I am also concerned that as the economy recovers, another economic challenge looks increasingly likely to rear its ugly head -- the threat of inflation. Rising prices chip away at the value of workers' wages and savings, impacting seniors living on fixed incomes particularly hard.

Challenges Ahead in the Manufacturing Sector

In this difficult economic climate, many manufacturing plants in Southern Wisconsin have closed or experienced mass layoffs. This has been a painful blow to our communities because manufacturing jobs are the bedrock of Southern Wisconsin's economy and the bedrock of our nation's economy. Worse yet, it is becoming increasingly clear that some of our trading partners, specifically China, are engaging in unfair trading practices. From enacting market access barriers to holding the value of their currency at artificially low levels, some of our trading partners' trade policies have real and detrimental effects on American jobs. I fully support efforts by the Administration to hold our trading partners accountable in international forums like the World Trade Organization, and I applaud the President's newly-announced National Export Initiative, which seeks to double U.S. exports and add as many as 2 million related jobs.

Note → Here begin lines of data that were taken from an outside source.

(* Let $X_1,\dots,X_n$ be mutually independent random variables with given distributions on ranges $D_1,\dots,D_n$ and product distribution $\mu$, and let $A_1,\dots,A_m$ be arbitrary events, $A_i$ determined by the variables indexed by $\mathrm{vbl}(A_i)\subseteq[n]$. Run the General Partial Rejection Sampling algorithm: draw all variables independently; while at least one $A_i$ occurs under the current assignment $\sigma$, compute $\mathrm{Res}(\sigma)$ and independently resample all variables in $\bigcup_{i\in\mathrm{Res}(\sigma)}\mathrm{vbl}(A_i)$; when no $A_i$ occurs, output the current assignment. If the algorithm halts, its output is distributed as $\mu$ conditioned on $\bigwedge_{i=1}^m\overline{A_i}$.
   Context: Dependency graph $G$ on $[m]$: distinct $i,j$ adjacent iff $\mathrm{vbl}(A_i)\cap\mathrm{vbl}(A_j)\neq\emptyset$. Notation: $\mathrm{Bad}(\sigma)=\{i:\sigma\in A_i\}$; $\partial S=\{i\notin S: i\text{ adjacent to some }j\in S\}$; $\mathrm{vbl}(S)=\bigcup_{i\in S}\mathrm{vbl}(A_i)$. We write $A_i\cap\sigma_S=\emptyset$ if either $\mathrm{vbl}(A_i)\cap\mathrm{vbl}(S)=\emptyset$ or no assignment agreeing with $\sigma$ on $\mathrm{vbl}(A_i)\cap\mathrm{vbl}(S)$ belongs to $A_i$; otherwise $A_i\cap\sigma_S\ne\emptyset$. $\mathrm{Res}(\sigma)$ is the output of: start with $R=\mathrm{Bad}(\sigma)$, $N=\emptyset$; while $\partial R\setminus N\neq\emptyset$, for each $i\in\partial R\setminus N$ (with $R$ the current set) put $i$ into $R$ if $A_i\cap\sigma_R\ne\emptyset$ and into $N$ otherwise; output $R$. *)

theory Defs
  imports "HOL-Probability.Probability" "HOL-Library.While_Combinator"
begin
lemma sum_weighted_card_Diff_singleton:
  fixes q g :: "nat \<Rightarrow> real"
  assumes "finite U" "T \<subseteq> U" "(\<Sum>a\<in>U. q a) = 1"
  shows "(\<Sum>a\<in>U. q a * g (card (T - {a})))
    = g (card T) + (\<Sum>a\<in>T. q a) * (g (card T - 1) - g (card T))"
proof -
  have "finite T" using assms finite_subset by blast
  have "(\<Sum>a\<in>U. q a * g (card (T - {a})))
      = (\<Sum>a\<in>U. q a * g (card T) + (if a \<in> T then q a * (g (card T - 1) - g (card T)) else 0))"
    by (intro sum.cong refl) (auto simp: \<open>finite T\<close> algebra_simps)
  also have "\<dots> = (\<Sum>a\<in>U. q a) * g (card T) + (\<Sum>a\<in>U \<inter> T. q a * (g (card T - 1) - g (card T)))"
    by (subst sum.inter_restrict[OF assms(1)]) (simp add: sum.distrib sum_distrib_right)
  also have "U \<inter> T = T" using assms by auto
  finally show ?thesis using assms by (simp add: sum_distrib_right)
qed

lemma prob_SAMPLING_superset:
  assumes "\<exists>j\<in>{1..d}. w j \<noteq> 0" "T \<subseteq> {1..d}" "k \<le> d"
  shows "measure_pmf.prob (SAMPLING k d w) {B. T \<subseteq> B}
    = incl_prob (d - 1) (k - 1) (card T) + (\<Sum>a\<in>T. \<bar>w a\<bar> / l1norm d w)
      * (incl_prob (d - 1) (k - 1) (card T - 1) - incl_prob (d - 1) (k - 1) (card T))"
proof -
  have inner: "measure_pmf.prob (map_pmf (insert a) (pmf_of_set {S. S \<subseteq> {1..d} - {a} \<and> card S = k - 1}))
      {B. T \<subseteq> B} = incl_prob (d - 1) (k - 1) (card (T - {a}))" if "a \<in> {1..d}" for a
  proof -
    have "insert a -` {B. T \<subseteq> B} = {S. T - {a} \<subseteq> S}" by auto
    moreover have "card ({1..d} - {a}) = d - 1" using that by simp
    ultimately show ?thesis
      using that assms(2,3) by (simp add: prob_pmf_of_set_subsets_superset Diff_mono)
  qed
  have "measure_pmf.prob (SAMPLING k d w) {B. T \<subseteq> B} = (\<integral>a. measure_pmf.prob
      (map_pmf (insert a) (pmf_of_set {S. S \<subseteq> {1..d} - {a} \<and> card S = k - 1})) {B. T \<subseteq> B}
      \<partial>measure_pmf (first_index d w))"
    unfolding SAMPLING_def by (rule measure_bind_pmf)
  also have "\<dots> = (\<Sum>a\<in>{1..d}. pmf (first_index d w) a * measure_pmf.prob
      (map_pmf (insert a) (pmf_of_set {S. S \<subseteq> {1..d} - {a} \<and> card S = k - 1})) {B. T \<subseteq> B})"
    using set_pmf_first_index[OF assms(1)] by (subst integral_measure_pmf[of "{1..d}"]) (auto simp: mult.commute)
  also have "\<dots> = (\<Sum>a\<in>{1..d}. \<bar>w a\<bar> / l1norm d w * incl_prob (d - 1) (k - 1) (card (T - {a})))"
    by (intro sum.cong refl) (simp only: inner pmf_first_index[OF assms(1)] if_True)
  also have "\<dots> = incl_prob (d - 1) (k - 1) (card T) + (\<Sum>a\<in>T. \<bar>w a\<bar> / l1norm d w)
      * (incl_prob (d - 1) (k - 1) (card T - 1) - incl_prob (d - 1) (k - 1) (card T))"
    by (rule sum_weighted_card_Diff_singleton[OF _ assms(2) sum_abs_div_l1norm[OF assms(1)]]) simp
  finally show ?thesis .
qed
lemma valid_schedule_iff:
  "valid_schedule a b S \<longleftrightarrow>
     0 \<notin> snd ` set S \<and> successively (\<lambda>x y. fst x \<noteq> fst y) S \<and>
     sum_list (sizes TA S) = a \<and> sum_list (sizes TB S) = b"
  by (force simp: valid_schedule_def sizes_def successively_conv_nth)

lemma zero_notin_sizes: "0 \<notin> snd ` set S \<Longrightarrow> 0 \<notin> set (sizes T S)"
  by (force simp: sizes_def)

fun other :: "jobtype \<Rightarrow> jobtype" where
  "other TA = TB"
| "other TB = TA"

lemma other_other [simp]: "other (other T) = T"
  by (cases T) simp_all

lemma other_neq [simp]: "other T \<noteq> T" "T \<noteq> other T"
  by (cases T; simp)+

lemma neq_iff_other: "T' \<noteq> T \<longleftrightarrow> T' = other T"
  by (cases T; cases T') simp_all

lemma alternating_sizes_length_Cons:
  assumes "successively (\<lambda>x y. fst x \<noteq> fst y) ((T, n) # S)"
  shows "length (sizes (other T) ((T, n) # S)) \<le> length (sizes T ((T, n) # S)) \<and>
         length (sizes T ((T, n) # S)) \<le> Suc (length (sizes (other T) ((T, n) # S)))"
  using assms
proof (induction S arbitrary: T n)
  case Nil
  then show ?case by simp
next
  case (Cons bt S)
  obtain T' m where bt: "bt = (T', m)" by (cases bt)
  with Cons.prems have "T' = other T" "successively (\<lambda>x y. fst x \<noteq> fst y) ((T', m) # S)"
    by (simp_all add: neq_iff_other)
  with Cons.IH[of T' m] bt show ?case by simp
qed

lemma alternating_sizes_length:
  assumes "successively (\<lambda>x y. fst x \<noteq> fst y) S"
  shows "length (sizes T S) \<le> Suc (length (sizes (other T) S))"
proof (cases S)
  case (Cons bt S')
  obtain T' n where bt: "bt = (T', n)" by (cases bt)
  show ?thesis
  proof (cases "T' = T")
    case True
    then show ?thesis using alternating_sizes_length_Cons[of T n S'] assms Cons bt by simp
  next
    case False
    then show ?thesis using alternating_sizes_length_Cons[of T' n S'] assms Cons bt
      by (simp add: neq_iff_other)
  qed
qed simp

function interleave :: "jobtype \<Rightarrow> nat list \<Rightarrow> nat list \<Rightarrow> schedule" where
  "interleave T [] ys = []"
| "interleave T (x # xs) ys = (T, x) # interleave (other T) ys xs"
  by pat_completeness auto
termination
  by (relation "measure (\<lambda>(T, xs, ys). length xs + length ys)") auto

lemma sizes_interleave:
  "length ys \<le> length xs \<Longrightarrow> length xs \<le> Suc (length ys) \<Longrightarrow>
     sizes T (interleave T xs ys) = xs \<and> sizes (other T) (interleave T xs ys) = ys"
  by (induction T xs ys rule: interleave.induct) auto

lemma successively_interleave: "successively (\<lambda>x y. fst x \<noteq> fst y) (interleave T xs ys)"
proof (induction T xs ys rule: interleave.induct)
  case (2 T x xs ys)
  then show ?case
    by (cases ys) (auto simp: successively_Cons)
qed simp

But there are other ways to help encourage companies to invest in manufacturing, right here in the U.S. Based on the input I hear from manufacturers throughout Southeastern Wisconsin, I introduced legislation that would help address the specific challenges highlighted by the interaction between globalization and our nation's outdated tax policies.

The U.S. currently has the second highest corporate tax rate in the world, a policy that raises the prices of American goods abroad and encourages employers to move jobs overseas. My "Roadmap for America's Future" ( would level the playing field for American-made goods and services in the international marketplace.

The Roadmap helps level the playing field by reducing the handicap imposed on American producers by our tax code. By eliminating the dual-taxation of American-made exports, while placing an equal tax on foreign imports, my plan makes American goods more competitive overseas. For example, right now, Racine's Case New Holland tractors are at a competitive disadvantage against their Japanese competitor, Komatsu, because of the current U.S. tax code. When the Komatsu leaves Japan, Japan lifts its tax on the tractor, and it arrives in the U.S. tax free. But when a Case tractor rolls off the assembly line in Racine for export to Japan, the U.S. first taxes it here and then it is taxed again in Japan. This punitive tax policy prices many American-made goods out of their overseas markets, killing American jobs and putting American companies at a competitive disadvantage in the 21st century global economy. My Roadmap proposal would end these backwards tax policies and put American workers in the position to thrive, instead of struggling to survive, in this period of economic uncertainty.